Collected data

◇ ◇ ◇ ◇ ◇ ◇ ◇

lemma omega_in_arrow_ideal: "0 < n \<Longrightarrow> omega n i \<in> arrow_ideal n"
  unfolding arrow_ideal_def omega_def
  by (simp add: psub_in_pathalg pmul_in_pathalg arr_in_pathalg arrs_in_pathalg)
    (simp add: psub_def pmul_trivial_path arrs_def arr_def)

lemma OmegaIdeal_subset_arrow_ideal: "0 < n \<Longrightarrow> OmegaIdeal n \<subseteq> arrow_ideal n"
  unfolding OmegaIdeal_def using is_ideal_arrow_ideal omega_in_arrow_ideal
  by (intro Inter_lower) auto

lemma OmegaIdeal_trivial_path: "0 < n \<Longrightarrow> f \<in> OmegaIdeal n \<Longrightarrow> f (v, []) = 0"
  using OmegaIdeal_subset_arrow_ideal unfolding arrow_ideal_def by blast

lemma pzero_in_OmegaIdeal: "pzero \<in> OmegaIdeal n"
  unfolding OmegaIdeal_def is_ideal_def by auto

lemma degree_zero_expansion:
  assumes "a \<in> pathalg n" and "\<forall>v w. a (v, w) \<noteq> 0 \<longrightarrow> w = []"
  shows "a = (\<lambda>p. \<Sum>v<n. a (v, []) * vtx n v p)"
proof
  fix p :: path
  obtain u w where p: "p = (u, w)" by fastforce
  show "a p = (\<Sum>v<n. a (v, []) * vtx n v p)"
  proof (cases "w = [] \<and> u < n")
    case True
    then have "(\<Sum>v<n. a (v, []) * vtx n v p) = (\<Sum>v<n. if v = u then a (u, []) else 0)"
      by (intro sum.cong) (auto simp: p vtx_def)
    then show ?thesis using True p by simp
  next
    case False
    then have "a p = 0" using assms by (auto simp: p pathalg_def)
    moreover have "vtx n v p = 0" if "v < n" for v
      using False that by (auto simp: p vtx_def)
    ultimately show ?thesis by (metis (no_types, lifting) lessThan_iff mult_zero_right sum.neutral)
  qed
qed

definition plinear :: "nat \<Rightarrow> ((path \<Rightarrow> 'k::field) \<Rightarrow> (path \<Rightarrow> 'k)) \<Rightarrow> bool" where
  "plinear n F \<longleftrightarrow> (\<forall>a\<in>pathalg n. \<forall>b\<in>pathalg n. F (padd a b) = padd (F a) (F b))
     \<and> (\<forall>s. \<forall>a\<in>pathalg n. F (psmul s a) = psmul s (F a))"

lemma plinear_pzero:
  assumes "plinear n F"
  shows "F pzero = pzero"
proof -
  have "F pzero = F (psmul 0 pzero)" by (simp add: psmul_def pzero_def)
  also have "\<dots> = psmul 0 (F pzero)"
    using assms pzero_in_pathalg unfolding plinear_def by blast
  finally show ?thesis by (simp add: psmul_def pzero_def)
qed

lemma sum_in_pathalg:
  "finite S \<Longrightarrow> (\<forall>k\<in>S. f k \<in> pathalg n) \<Longrightarrow> (\<lambda>p. \<Sum>k\<in>S. c k * f k p) \<in> pathalg n"
proof (induction S rule: finite_induct)
  case empty
  then show ?case using pzero_in_pathalg by (simp add: pzero_def)
next
  case (insert x S)
  then have "padd (psmul (c x) (f x)) (\<lambda>p. \<Sum>k\<in>S. c k * f k p) \<in> pathalg n"
    by (simp add: padd_in_pathalg psmul_in_pathalg)
  with insert show ?case by (simp add: padd_def psmul_def)
qed

lemma plinear_sum:
  assumes F: "plinear n F"
  shows "finite S \<Longrightarrow> (\<forall>k\<in>S. f k \<in> pathalg n)
    \<Longrightarrow> F (\<lambda>p. \<Sum>k\<in>S. c k * f k p) = (\<lambda>p. \<Sum>k\<in>S. c k * F (f k) p)"
proof (induction S rule: finite_induct)
  case empty
  then show ?case using plinear_pzero[OF F] by (simp add: pzero_def)
next
  case (insert x S)
  have "(\<lambda>p. \<Sum>k\<in>insert x S. c k * f k p) = padd (psmul (c x) (f x)) (\<lambda>p. \<Sum>k\<in>S. c k * f k p)"
    using insert by (simp add: padd_def psmul_def)
  moreover have "(\<lambda>p. \<Sum>k\<in>S. c k * f k p) \<in> pathalg n"
    using insert by (simp add: sum_in_pathalg)
  ultimately show ?case
    using insert F by (simp add: plinear_def psmul_in_pathalg) (simp add: padd_def psmul_def)
qed

lemma vtx_mod: "vtx n (i mod n) = vtx n i"
  by (simp add: vtx_def)

lemma vtx_mod_add: "vtx n (i mod n + d) = vtx n (i + d)"
  by (simp add: vtx_def mod_add_left_eq)

definition orbit_sum :: "nat \<Rightarrow> nat \<Rightarrow> nat \<Rightarrow> path \<Rightarrow> 'k::field" where
  "orbit_sum n d i = (\<lambda>q. \<Sum>k < n div gcd n d. vtx n (i + k * d) q)"

lemma orbit_sum_apply:
  "orbit_sum n d i (v, w) = (\<Sum>k < n div gcd n d. if v = (i + k * d) mod n \<and> w = [] then 1 else 0)"
  by (simp add: orbit_sum_def vtx_def)

lemma orbit_sum_off_vertices: "0 < n \<Longrightarrow> w \<noteq> [] \<or> n \<le> v \<Longrightarrow> orbit_sum n d i (v, w) = 0"
  by (auto simp: orbit_sum_apply intro!: sum.neutral) (meson leD mod_less_divisor)

lemma orbit_sum_at_orbit_point:
  assumes "0 < n" "i < gcd n d" "i0 < gcd n d" "k0 < n div gcd n d"
  shows "orbit_sum n d i ((i0 + k0 * d) mod n, []) = (if i = i0 then 1 else 0)"
proof -
  have "(i0 + k0 * d) mod n = (i + k * d) mod n \<longleftrightarrow> i = i0 \<and> k = k0"
    if "k < n div gcd n d" for k
  proof
    assume "(i0 + k0 * d) mod n = (i + k * d) mod n"
    then show "i = i0 \<and> k = k0"
      using bij_betw_imp_inj_on[OF translation_orbits_bij[OF assms(1), of d]] assms(2-4) that
      unfolding inj_on_def by fastforce
  qed simp
  then have "orbit_sum n d i ((i0 + k0 * d) mod n, [])
      = (\<Sum>k < n div gcd n d. if i = i0 \<and> k = k0 then 1 else 0)"
    unfolding orbit_sum_apply by (intro sum.cong) auto
  also have "\<dots> = (if i = i0 then 1 else 0)"
    using assms(4) by (cases "i = i0") simp_all
  finally show ?thesis .
qed

lemma orbit_sum_combination_at_representative:
  assumes "0 < n" "j < gcd n d"
  shows "(\<Sum>i < gcd n d. c i * orbit_sum n d i (j, [])) = c j"
proof -
  have "j < n" using assms gcd_le1_nat[of n d] by linarith
  then have delta: "orbit_sum n d i (j, []) = (if i = j then 1 else 0)" if "i < gcd n d" for i
    using orbit_sum_at_orbit_point[OF assms(1) that assms(2), of 0] assms(1)
    by (simp add: div_greater_zero_iff)
  then have "(\<Sum>i < gcd n d. c i * orbit_sum n d i (j, [])) = (\<Sum>i < gcd n d. if i = j then c j else 0)"
    by (intro sum.cong) (simp_all add: delta)
  then show ?thesis using assms(2) by simp
qed

lemma orbit_sums_independent:
  assumes "0 < n" and "(\<lambda>p. \<Sum>i < gcd n d. c i * orbit_sum n d i p) \<in> OmegaIdeal n"
    and "j < gcd n d"
  shows "c j = 0"
  using OmegaIdeal_trivial_path[OF assms(1,2), of j] orbit_sum_combination_at_representative[OF assms(1,3), of c]
  by simp

lemma orbit_shift_invariant_eq_orbit_sums:
  assumes "0 < n" and "a \<in> pathalg n" and "\<forall>v w. a (v, w) \<noteq> 0 \<longrightarrow> w = []"
    and shift: "\<And>u. u < n \<Longrightarrow> a ((u + d) mod n, []) = a (u, [])"
  shows "a = (\<lambda>p. \<Sum>i < gcd n d. a (i, []) * orbit_sum n d i p)"
proof
  fix p :: path
  obtain v w where p: "p = (v, w)" by fastforce
  show "a p = (\<Sum>i < gcd n d. a (i, []) * orbit_sum n d i p)"
  proof (cases "w = [] \<and> v < n")
    case True
    then have "v \<in> (\<lambda>(i, k). (i + k * d) mod n) ` ({..<gcd n d} \<times> {..<n div gcd n d})"
      using bij_betw_imp_surj_on[OF translation_orbits_bij[OF assms(1), of d]] by simp
    then obtain i0 k0 where i0: "i0 < gcd n d" and k0: "k0 < n div gcd n d"
      and v: "v = (i0 + k0 * d) mod n"
      by auto
    have "(\<Sum>i < gcd n d. a (i, []) * orbit_sum n d i p) = (\<Sum>i < gcd n d. if i = i0 then a (i0, []) else 0)"
      using True by (intro sum.cong) (simp_all add: p v orbit_sum_at_orbit_point[OF assms(1) _ i0 k0])
    also have "\<dots> = a (i0, [])" using i0 by simp
    also have "\<dots> = a p"
      using shift_invariant_const_on_orbit[of n i0 "\<lambda>u. a (u, [])", OF assms(1) _ shift]
        i0 gcd_le1_nat[of n d] assms(1) True by (simp add: p v less_le_trans)
    finally show ?thesis ..
  next
    case False
    then have "a p = 0" using assms(2,3) by (auto simp: p pathalg_def)
    moreover have "(\<Sum>i < gcd n d. a (i, []) * orbit_sum n d i p) = 0"
      using False assms(1) by (auto simp: p orbit_sum_off_vertices intro!: sum.neutral)
    ultimately show ?thesis by simp
  qed
qed

definition tmonom :: "nat \<Rightarrow> nat \<Rightarrow> nat \<times> nat \<Rightarrow> 'k::field" where
  "tmonom i j = (\<lambda>ij. if ij = (i, j) then 1 else 0)"

lemma tmonom_in_Tcar: "i < m \<Longrightarrow> j < r \<Longrightarrow> tmonom i j \<in> Tcar m r"
  by (simp add: Tcar_def tmonom_def)

lemma teps_tmonom: "i < m \<Longrightarrow> teps m (tmonom i j) = (if j = 0 then 1 else 0)"
  by (simp add: teps_def tmonom_def)

lemma tact_tmonom:
  assumes "i < m" "j < r"
  shows "tact m r G X (tmonom i j) a = (G ^^ i) ((X ^^ j) a)"
proof
  fix p
  let ?F = "\<lambda>i j. (G ^^ i) ((X ^^ j) a) p"
  have "(\<Sum>j' < r. tmonom i j (i', j') * ?F i' j') = (if i' = i then ?F i j else 0)" for i'
  proof -
    have "(\<Sum>j' < r. tmonom i j (i', j') * ?F i' j') = (\<Sum>j' < r. if j' = j then (if i' = i then ?F i j else 0) else 0)"
      by (intro sum.cong) (auto simp: tmonom_def)
    then show ?thesis using assms(2) by simp
  qed
  then show "tact m r G X (tmonom i j) a p = (G ^^ i) ((X ^^ j) a) p"
    using assms(1) by (simp add: tact_def)
qed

◇ ◇ ◇ ◇ ◇ ◇ ◇

- **Problem**
From the opening line of the data above, please print each line as written up to and including the line that contains "p) = (\<Sum>v<n.", and nothing more.

- **Solution to this exercise**
lemma omega_in_arrow_ideal: "0 < n \<Longrightarrow> omega n i \<in> arrow_ideal n"
  unfolding arrow_ideal_def omega_def
  by (simp add: psub_in_pathalg pmul_in_pathalg arr_in_pathalg arrs_in_pathalg)
    (simp add: psub_def pmul_trivial_path arrs_def arr_def)

lemma OmegaIdeal_subset_arrow_ideal: "0 < n \<Longrightarrow> OmegaIdeal n \<subseteq> arrow_ideal n"
  unfolding OmegaIdeal_def using is_ideal_arrow_ideal omega_in_arrow_ideal
  by (intro Inter_lower) auto

lemma OmegaIdeal_trivial_path: "0 < n \<Longrightarrow> f \<in> OmegaIdeal n \<Longrightarrow> f (v, []) = 0"
  using OmegaIdeal_subset_arrow_ideal unfolding arrow_ideal_def by blast

lemma pzero_in_OmegaIdeal: "pzero \<in> OmegaIdeal n"
  unfolding OmegaIdeal_def is_ideal_def by auto

lemma degree_zero_expansion:
  assumes "a \<in> pathalg n" and "\<forall>v w. a (v, w) \<noteq> 0 \<longrightarrow> w = []"
  shows "a = (\<lambda>p. \<Sum>v<n. a (v, []) * vtx n v p)"
proof
  fix p :: path
  obtain u w where p: "p = (u, w)" by fastforce
  show "a p = (\<Sum>v<n. a (v, []) * vtx n v p)"
  proof (cases "w = [] \<and> u < n")
    case True
    then have "(\<Sum>v<n. a (v, []) * vtx n v p) = (\<Sum>v<n. if v = u then a (u, []) else 0)"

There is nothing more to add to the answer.